▶ _Exercise data_:
lemma convex_on_sum_fun:
  assumes "convex S" and "\<And>i. i \<in> I \<Longrightarrow> convex_on S (f i)"
  shows "convex_on S (\<lambda>x. \<Sum>i\<in>I. f i x)"
  using assms(2)
  by (induction I rule: infinite_finite_induct) (auto simp: convex_on_const assms(1))

lemma continuous_attains_inf_sublevel:
  fixes f :: "'a::heine_borel \<Rightarrow> real"
  assumes "closed S" and "continuous_on S f" and "x\<^sub>0 \<in> S" and "bounded {x\<in>S. f x \<le> f x\<^sub>0}"
  shows "\<exists>m\<in>S. \<forall>x\<in>S. f m \<le> f x"
proof -
  define K where "K = {x\<in>S. f x \<le> f x\<^sub>0}"
  have "closed K"
    using continuous_closed_preimage[OF assms(2,1), of "{..f x\<^sub>0}"]
    by (simp add: K_def vimage_def Int_def)
  then have "compact K"
    using assms(4) by (simp add: K_def compact_eq_bounded_closed)
  moreover have "x\<^sub>0 \<in> K" "K \<subseteq> S"
    using assms(3) by (auto simp: K_def)
  ultimately obtain m where "m \<in> K" "\<forall>x\<in>K. f m \<le> f x"
    using continuous_attains_inf[of K f] continuous_on_subset[OF assms(2)] by blast
  moreover have "f m \<le> f x" if "x \<in> S" for x
    using that calculation \<open>x\<^sub>0 \<in> K\<close> by (cases "x \<in> K") (auto simp: K_def)
  ultimately show ?thesis
    using \<open>K \<subseteq> S\<close> by blast
qed

definition vec_support :: "'a::zero^'n \<Rightarrow> 'n set" where
  "vec_support v = {i. v $ i \<noteq> 0}"

lemma eventually_vec_support_subset:
  fixes v :: "'a::real_normed_vector^'n"
  shows "\<forall>\<^sub>F w in nhds v. vec_support v \<subseteq> vec_support w"
proof -
  have "\<forall>\<^sub>F w in nhds v. w $ i \<noteq> 0" if "i \<in> vec_support v" for i
    using that tendsto_imp_eventually_ne[OF tendsto_vec_nth[OF filterlim_ident]]
    by (simp add: vec_support_def)
  then have "\<forall>\<^sub>F w in nhds v. \<forall>i\<in>vec_support v. w $ i \<noteq> 0"
    by (intro eventually_ball_finite) auto
  then show ?thesis
    by (rule eventually_mono) (auto simp: vec_support_def)
qed

definition pointwise_loss :: "loss \<Rightarrow> real \<Rightarrow> real \<Rightarrow> real" where
  "pointwise_loss l w z = (case l of Lin \<Rightarrow> (1/2) * (w - z)\<^sup>2 | Log \<Rightarrow> ln (1 + exp z) - w * z)"

lemma loss_fun_eq_sum: "loss_fun l \<beta> X y = (\<Sum>i\<in>UNIV. pointwise_loss l (y $ i) ((X *v \<beta>) $ i))"
  by (cases l) (simp_all add: loss_fun_def pointwise_loss_def sum_distrib_left)

lemma one_add_exp_pos: "0 < 1 + exp (x::real)"
  by (simp add: add_pos_pos)

lemma logistic_mono:
  fixes x y :: real
  assumes "x \<le> y"
  shows "exp x / (1 + exp x) \<le> exp y / (1 + exp y)"
proof -
  have logistic_eq: "exp z / (1 + exp z) = 1 - 1 / (1 + exp z)" for z :: real
    using one_add_exp_pos[of z] by (simp add: field_simps)
  have "1 / (1 + exp y) \<le> 1 / (1 + exp x)"
    using assms one_add_exp_pos[of x] one_add_exp_pos[of y] by (simp add: divide_simps)
  then show ?thesis
    unfolding logistic_eq by linarith
qed

lemma convex_on_pointwise_loss: "convex_on UNIV (pointwise_loss l w)"
proof (cases l)
  case Lin
  show ?thesis
    unfolding pointwise_loss_def[abs_def] Lin
    by (rule convex_on_realI[where f' = "\<lambda>z. z - w"])
      (auto intro!: derivative_eq_intros)
next
  case Log
  show ?thesis
    unfolding pointwise_loss_def[abs_def] Log
    by (rule convex_on_realI[where f' = "\<lambda>z. exp z / (1 + exp z) - w"])
      (auto simp: one_add_exp_pos logistic_mono intro!: derivative_eq_intros)
qed

lemma pointwise_loss_nonneg:
  assumes "l = Log \<Longrightarrow> 0 \<le> w \<and> w \<le> 1"
  shows "0 \<le> pointwise_loss l w z"
proof (cases l)
  case Log
  have "0 \<le> ln (1 + exp z)" and "z \<le> ln (1 + exp z)"
    using ln_le_cancel_iff[of "exp z" "1 + exp z"] by (auto simp: one_add_exp_pos)
  moreover have "w * z \<le> z" if "0 \<le> z"
    using assms Log that by (simp add: mult_left_le_one_le)
  moreover have "w * z \<le> 0" if "z < 0"
    using assms Log that by (simp add: mult_nonneg_nonpos)
  ultimately have "w * z \<le> ln (1 + exp z)"
    by (cases "0 \<le> z") linarith+
  then show ?thesis
    by (simp add: pointwise_loss_def Log)
qed (simp add: pointwise_loss_def)

lemma loss_fun_nonneg:
  assumes "l = Log \<Longrightarrow> \<forall>i. 0 \<le> y $ i \<and> y $ i \<le> 1"
  shows "0 \<le> loss_fun l \<beta> X y"
  unfolding loss_fun_eq_sum using assms by (intro sum_nonneg pointwise_loss_nonneg) auto

lemma convex_on_loss_fun: "convex_on UNIV (\<lambda>\<beta>. loss_fun l \<beta> X y)"
proof -
  have "linear (\<lambda>\<beta>. (X *v \<beta>) $ i)" for i
    using linear_compose[OF matrix_vector_mul_linear bounded_linear.linear[OF bounded_linear_vec_nth]]
    by (simp add: o_def)
  then show ?thesis
    unfolding loss_fun_eq_sum
    by (intro convex_on_sum_fun convex_on_compose_linear[OF convex_on_pointwise_loss]) auto
qed

lemma continuous_on_loss_fun [continuous_intros]:
  "continuous_on S f \<Longrightarrow> continuous_on S (\<lambda>x. loss_fun l (f x) X y)"
  unfolding loss_fun_eq_sum pointwise_loss_def
  by (cases l) (auto intro!: continuous_intros bounded_linear.continuous_on[OF matrix_vector_mul_bounded_linear]
      simp: one_add_exp_pos less_imp_neq[symmetric])

definition coupling :: "real^'p1^'n \<Rightarrow> real^'p2^'n \<Rightarrow> (real^'p1) \<times> (real^'p2) \<Rightarrow> real^'n" where
  "coupling X Z \<beta> = X *v fst \<beta> - Z *v snd \<beta>"

lemma linear_coupling: "linear (coupling X Z)"
  by (rule linearI) (simp_all add: coupling_def matrix_vector_right_distrib
      matrix_vector_mult_scaleR algebra_simps)

definition coord_subspace :: "'p1 set \<Rightarrow> 'p2 set \<Rightarrow> ((real^'p1) \<times> (real^'p2)) set" where
  "coord_subspace S1 S2 = {\<beta>. vec_support (fst \<beta>) \<subseteq> S1 \<and> vec_support (snd \<beta>) \<subseteq> S2}"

▶ _The task_: Output each line of the data exactly as it stands above.

▶ _Written response_:
lemma convex_on_sum_fun:
  assumes "convex S" and "\<And>i. i \<in> I \<Longrightarrow> convex_on S (f i)"
  shows "convex_on S (\<lambda>x. \<Sum>i\<in>I. f i x)"
  using assms(2)
  by (induction I rule: infinite_finite_induct) (auto simp: convex_on_const assms(1))

lemma continuous_attains_inf_sublevel:
  fixes f :: "'a::heine_borel \<Rightarrow> real"
  assumes "closed S" and "continuous_on S f" and "x\<^sub>0 \<in> S" and "bounded {x\<in>S. f x \<le> f x\<^sub>0}"
  shows "\<exists>m\<in>S. \<forall>x\<in>S. f m \<le> f x"
proof -
  define K where "K = {x\<in>S. f x \<le> f x\<^sub>0}"
  have "closed K"
    using continuous_closed_preimage[OF assms(2,1), of "{..f x\<^sub>0}"]
    by (simp add: K_def vimage_def Int_def)
  then have "compact K"
    using assms(4) by (simp add: K_def compact_eq_bounded_closed)
  moreover have "x\<^sub>0 \<in> K" "K \<subseteq> S"
    using assms(3) by (auto simp: K_def)
  ultimately obtain m where "m \<in> K" "\<forall>x\<in>K. f m \<le> f x"
    using continuous_attains_inf[of K f] continuous_on_subset[OF assms(2)] by blast
  moreover have "f m \<le> f x" if "x \<in> S" for x
    using that calculation \<open>x\<^sub>0 \<in> K\<close> by (cases "x \<in> K") (auto simp: K_def)
  ultimately show ?thesis
    using \<open>K \<subseteq> S\<close> by blast
qed

definition vec_support :: "'a::zero^'n \<Rightarrow> 'n set" where
  "vec_support v = {i. v $ i \<noteq> 0}"

lemma eventually_vec_support_subset:
  fixes v :: "'a::real_normed_vector^'n"
  shows "\<forall>\<^sub>F w in nhds v. vec_support v \<subseteq> vec_support w"
proof -
  have "\<forall>\<^sub>F w in nhds v. w $ i \<noteq> 0" if "i \<in> vec_support v" for i
    using that tendsto_imp_eventually_ne[OF tendsto_vec_nth[OF filterlim_ident]]
    by (simp add: vec_support_def)
  then have "\<forall>\<^sub>F w in nhds v. \<forall>i\<in>vec_support v. w $ i \<noteq> 0"
    by (intro eventually_ball_finite) auto
  then show ?thesis
    by (rule eventually_mono) (auto simp: vec_support_def)
qed

definition pointwise_loss :: "loss \<Rightarrow> real \<Rightarrow> real \<Rightarrow> real" where
  "pointwise_loss l w z = (case l of Lin \<Rightarrow> (1/2) * (w - z)\<^sup>2 | Log \<Rightarrow> ln (1 + exp z) - w * z)"

lemma loss_fun_eq_sum: "loss_fun l \<beta> X y = (\<Sum>i\<in>UNIV. pointwise_loss l (y $ i) ((X *v \<beta>) $ i))"
  by (cases l) (simp_all add: loss_fun_def pointwise_loss_def sum_distrib_left)

lemma one_add_exp_pos: "0 < 1 + exp (x::real)"
  by (simp add: add_pos_pos)

lemma logistic_mono:
  fixes x y :: real
  assumes "x \<le> y"
  shows "exp x / (1 + exp x) \<le> exp y / (1 + exp y)"
proof -
  have logistic_eq: "exp z / (1 + exp z) = 1 - 1 / (1 + exp z)" for z :: real
    using one_add_exp_pos[of z] by (simp add: field_simps)
  have "1 / (1 + exp y) \<le> 1 / (1 + exp x)"
    using assms one_add_exp_pos[of x] one_add_exp_pos[of y] by (simp add: divide_simps)
  then show ?thesis
    unfolding logistic_eq by linarith
qed

lemma convex_on_pointwise_loss: "convex_on UNIV (pointwise_loss l w)"
proof (cases l)
  case Lin
  show ?thesis
    unfolding pointwise_loss_def[abs_def] Lin
    by (rule convex_on_realI[where f' = "\<lambda>z. z - w"])
      (auto intro!: derivative_eq_intros)
next
  case Log
  show ?thesis
    unfolding pointwise_loss_def[abs_def] Log
    by (rule convex_on_realI[where f' = "\<lambda>z. exp z / (1 + exp z) - w"])
      (auto simp: one_add_exp_pos logistic_mono intro!: derivative_eq_intros)
qed

lemma pointwise_loss_nonneg:
  assumes "l = Log \<Longrightarrow> 0 \<le> w \<and> w \<le> 1"
  shows "0 \<le> pointwise_loss l w z"
proof (cases l)
  case Log
  have "0 \<le> ln (1 + exp z)" and "z \<le> ln (1 + exp z)"
    using ln_le_cancel_iff[of "exp z" "1 + exp z"] by (auto simp: one_add_exp_pos)
  moreover have "w * z \<le> z" if "0 \<le> z"
    using assms Log that by (simp add: mult_left_le_one_le)
  moreover have "w * z \<le> 0" if "z < 0"
    using assms Log that by (simp add: mult_nonneg_nonpos)
  ultimately have "w * z \<le> ln (1 + exp z)"
    by (cases "0 \<le> z") linarith+
  then show ?thesis
    by (simp add: pointwise_loss_def Log)
qed (simp add: pointwise_loss_def)

lemma loss_fun_nonneg:
  assumes "l = Log \<Longrightarrow> \<forall>i. 0 \<le> y $ i \<and> y $ i \<le> 1"
  shows "0 \<le> loss_fun l \<beta> X y"
  unfolding loss_fun_eq_sum using assms by (intro sum_nonneg pointwise_loss_nonneg) auto

lemma convex_on_loss_fun: "convex_on UNIV (\<lambda>\<beta>. loss_fun l \<beta> X y)"
proof -
  have "linear (\<lambda>\<beta>. (X *v \<beta>) $ i)" for i
    using linear_compose[OF matrix_vector_mul_linear bounded_linear.linear[OF bounded_linear_vec_nth]]
    by (simp add: o_def)
  then show ?thesis
    unfolding loss_fun_eq_sum
    by (intro convex_on_sum_fun convex_on_compose_linear[OF convex_on_pointwise_loss]) auto
qed

lemma continuous_on_loss_fun [continuous_intros]:
  "continuous_on S f \<Longrightarrow> continuous_on S (\<lambda>x. loss_fun l (f x) X y)"
  unfolding loss_fun_eq_sum pointwise_loss_def
  by (cases l) (auto intro!: continuous_intros bounded_linear.continuous_on[OF matrix_vector_mul_bounded_linear]
      simp: one_add_exp_pos less_imp_neq[symmetric])

definition coupling :: "real^'p1^'n \<Rightarrow> real^'p2^'n \<Rightarrow> (real^'p1) \<times> (real^'p2) \<Rightarrow> real^'n" where
  "coupling X Z \<beta> = X *v fst \<beta> - Z *v snd \<beta>"

lemma linear_coupling: "linear (coupling X Z)"
  by (rule linearI) (simp_all add: coupling_def matrix_vector_right_distrib
      matrix_vector_mult_scaleR algebra_simps)

definition coord_subspace :: "'p1 set \<Rightarrow> 'p2 set \<Rightarrow> ((real^'p1) \<times> (real^'p2)) set" where
  "coord_subspace S1 S2 = {\<beta>. vec_support (fst \<beta>) \<subseteq> S1 \<and> vec_support (snd \<beta>) \<subseteq> S2}"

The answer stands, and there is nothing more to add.